Выбрать главу

Дело Тулаева рассказывает о череде историй, судеб в очень густонаселенном мире. Помимо играющих вспомогательную роль женщин главный костяк персонажей составляют восемь мужчин: два разочарованных элемента, Костя и Ромашкин, мелкие служащие и холостяки, делящие одну комнату в коммуналке, — с них начинается повествование романа, — и лояльные власти ветераны, карьеристы, преданные коммунисты Иван Кондратьев, Артем Макеев, Стефан Штерн, Максим Ершов, Кирилл Рублев, старый Рыжик, которых одного за другим арестовывают, допрашивают и приговаривают к смерти. (Казни избегает только Кондратьев, которого по милостивой прихоти «Вождя», как в книге называют Сталина, назначают на должность в Сибири.) Перед читателем проносятся целые жизни, каждая из которых могла бы стать сюжетом своего романа. Рассказ об изобретательно провернутом аресте Макеева в опере (в конце четвертой главы) сам по себе достоин пера Чехова. А драма Макеева — его прошлого, восхождения к власти (он секретарь обкома Курганска), неожиданного ареста во время поездки в Москву, заключения, допроса, признания — только одна из детально прописанных линий Дела Тулаева.

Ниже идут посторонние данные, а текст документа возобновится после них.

lemma step_inversion_iff:
  assumes "deg_x l + deg_y l + deg_z l = deg_x l' + deg_y l' + deg_z l'"
    and "step_monom mu l" and "step_monom mu' l'"
  shows "l < l' \<and> mu' < mu \<longleftrightarrow>
     mu = times_x l \<and> mu' \<noteq> times_x l' \<and>
       (deg_x l = deg_x l' \<and> deg_y l < deg_y l' \<or> deg_x l + 1 = deg_x l' \<and> deg_y mu' < deg_y l)"
  using assms by (cases l, cases l') (auto simp: step_monom_def times_x_def)

lemma downward_closed_eq_lessThan:
  assumes "finite (S::nat set)" and "\<And>x y. x \<in> S \<Longrightarrow> y \<le> x \<Longrightarrow> y \<in> S"
  shows "S = {..<card S}"
proof -
  have "S \<subseteq> {..<card S}"
  proof
    fix x assume x: "x \<in> S"
    have "{..x} \<subseteq> S" using assms(2) x by auto
    then have "card {..x} \<le> card S" using assms(1) by (rule card_mono[rotated])
    then show "x \<in> {..<card S}" by simp
  qed
  then show ?thesis by (metis card_lessThan card_subset_eq finite_lessThan)
qed

lemma sorted_list_of_set_nth_less_iff:
  assumes "finite S" "k < card S" "k' < card S"
  shows "sorted_list_of_set S ! k < sorted_list_of_set S ! k' \<longleftrightarrow> k < k'"
  using assms sorted_wrt_nth_less[OF strict_sorted_list_of_set, of _ _ S]
  by (metis length_sorted_list_of_set linorder_neqE_nat order.asym order.irrefl)

lemma sum_card_below_in_classes:
  fixes g :: "'a \<Rightarrow> 'b::linorder"
  assumes "finite S"
    and g_inj: "\<And>s s'. s \<in> S \<Longrightarrow> s' \<in> S \<Longrightarrow> \<kappa> s = \<kappa> s' \<Longrightarrow> g s = g s' \<Longrightarrow> s = s'"
  shows "2 * (\<Sum>s\<in>S. card {s'\<in>S. \<kappa> s' = \<kappa> s \<and> g s' < g s})
      = (\<Sum>s\<in>S. card {s'\<in>S. \<kappa> s' = \<kappa> s} - 1)"
    and "2 * (\<Sum>s\<in>S. card {s'\<in>S. \<kappa> s' = \<kappa> s \<and> g s < g s'})
      = (\<Sum>s\<in>S. card {s'\<in>S. \<kappa> s' = \<kappa> s} - 1)"
proof -
  define below where "below s = {s'\<in>S. \<kappa> s' = \<kappa> s \<and> g s' < g s}" for s
  define above where "above s = {s'\<in>S. \<kappa> s' = \<kappa> s \<and> g s < g s'}" for s
  have "(SIGMA s:S. above s) = (\<lambda>(s, s'). (s', s)) ` (SIGMA s:S. below s)"
    by (auto simp: below_def above_def image_iff)
  moreover have "inj_on (\<lambda>(s, s'). (s', s)) (SIGMA s:S. below s)"
    by (rule inj_onI) auto
  ultimately have "card (SIGMA s:S. above s) = card (SIGMA s:S. below s)"
    by (simp add: card_image)
  then have sym: "(\<Sum>s\<in>S. card (above s)) = (\<Sum>s\<in>S. card (below s))"
    using \<open>finite S\<close> by (simp add: card_SigmaI below_def above_def)
  have "card (below s) + card (above s) = card {s'\<in>S. \<kappa> s' = \<kappa> s} - 1" if "s \<in> S" for s
  proof -
    have "{s'\<in>S. \<kappa> s' = \<kappa> s} - {s} = below s \<union> above s"
      using g_inj that by (auto simp: below_def above_def) (metis not_less_iff_gr_or_eq)
    moreover have "below s \<inter> above s = {}" by (auto simp: below_def above_def)
    moreover have "finite (below s)" "finite (above s)"
      using \<open>finite S\<close> by (simp_all add: below_def above_def)
    ultimately have "card (below s) + card (above s) = card ({s'\<in>S. \<kappa> s' = \<kappa> s} - {s})"
      by (simp add: card_Un_disjoint)
    then show ?thesis using that by simp
  qed
  then have "(\<Sum>s\<in>S. card (below s)) + (\<Sum>s\<in>S. card (above s))
      = (\<Sum>s\<in>S. card {s'\<in>S. \<kappa> s' = \<kappa> s} - 1)"
    by (simp add: sum.distrib[symmetric])
  with sym
  show "2 * (\<Sum>s\<in>S. card {s'\<in>S. \<kappa> s' = \<kappa> s \<and> g s' < g s})
      = (\<Sum>s\<in>S. card {s'\<in>S. \<kappa> s' = \<kappa> s} - 1)"
    and "2 * (\<Sum>s\<in>S. card {s'\<in>S. \<kappa> s' = \<kappa> s \<and> g s < g s'})
      = (\<Sum>s\<in>S. card {s'\<in>S. \<kappa> s' = \<kappa> s} - 1)"
    unfolding below_def above_def by simp_all
qed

Среди главных героев нет ни одного следователя. Но среди второстепенных есть идеальный портрет знакомой Сержу фигуры влиятельного путешественника. В одной из последних сцен, в Париже, «профессор Пасро, известный в обоих полушариях, председатель Конгресса защиты культуры» говорит молодой эмигрантке Ксении Поповой, которая тщетно упрашивает его вступиться за «старого большевика», вызывающего среди персонажей Сержа больше всего сочувствия: «Я преклоняюсь перед правосудием вашей страны. <…> Если Рублев не виноват, Верховный суд его оправдает». Что касается заглавного героя Тулаева, высокопоставленного члена ЦК, чье убийство запустило цепочку арестов и казней других, то он лишь коротко появляется в самом начале романа. Появляется, только чтобы его застрелили.

Тулаев Сержа, по крайней мере его убийство и последствия, весьма откровенно напоминают Сергея Кирова, секретаря Ленинградского губкома партии, убитого в своем кабинете 1 декабря 1934 года молодым партийцем Леонидом Николаевым. Сталин воспользовался его смертью как предлогом для кровавой бойни следующих лет, за время которой были уничтожены лоялисты партии, убиты и на десятки лет брошены в тюрьму миллионы обычных граждан. Сложно не читать Дело Тулаева как «роман с ключом», хотя Серж в коротком вступлении предостерегает читателя от этого. «Этот роман — плод литературного вымысла, — пишет он. — Ни в коем случае не следует смешивать правду писателя с правдой историка или летописца». Едва ли Солженицын стал бы такой оговоркой предварять свои романы о Ленине. Однако с учетом того, что действие романа Сержа происходит в 1939 году, может, и стоит поверить ему на слово. Аресты и суды в Деле Тулаева — вымышленное продолжение, а не вымышленное обобщение реальных московских процессов в 1936, 1937 и 1938 годах.

Серж не только хочет обратить наше внимание на то, что истина писателя не тождественна истине историка. Он утверждает, хоть и не впрямую в данном случае, что истина писателя первостепенна. Более смело он высказался в письме Истрати о Людях в тюрьме: роман, несмотря «на удобное повествование от первого лица в единственном числе» — «не обо мне», и в нем «я даже близко не хочу держаться вещей, действительно виденных мной». Писатель, продолжает Серж, ищет «истину более богатую и всеобъемлющую, чем истина наблюдения». Такая истина «иногда почти фотографически совпадает с виденным мной; иногда отличается во всех аспектах».

Отстаивать первостепенность литературной истины — священный стандарт среди писателей (первым его сформулировал еще Аристотель в Поэтике) и в устах многих звучит слишком обтекаемо и даже корыстно, словно писатель присваивает право на неточности, опущения, своевольства. Подобного мы не услышим в заявлении Сержа: свидетельства тому — его романы, их бесспорная искренность и ум, вложенный в преобразование прожитой правды в форму вымысла.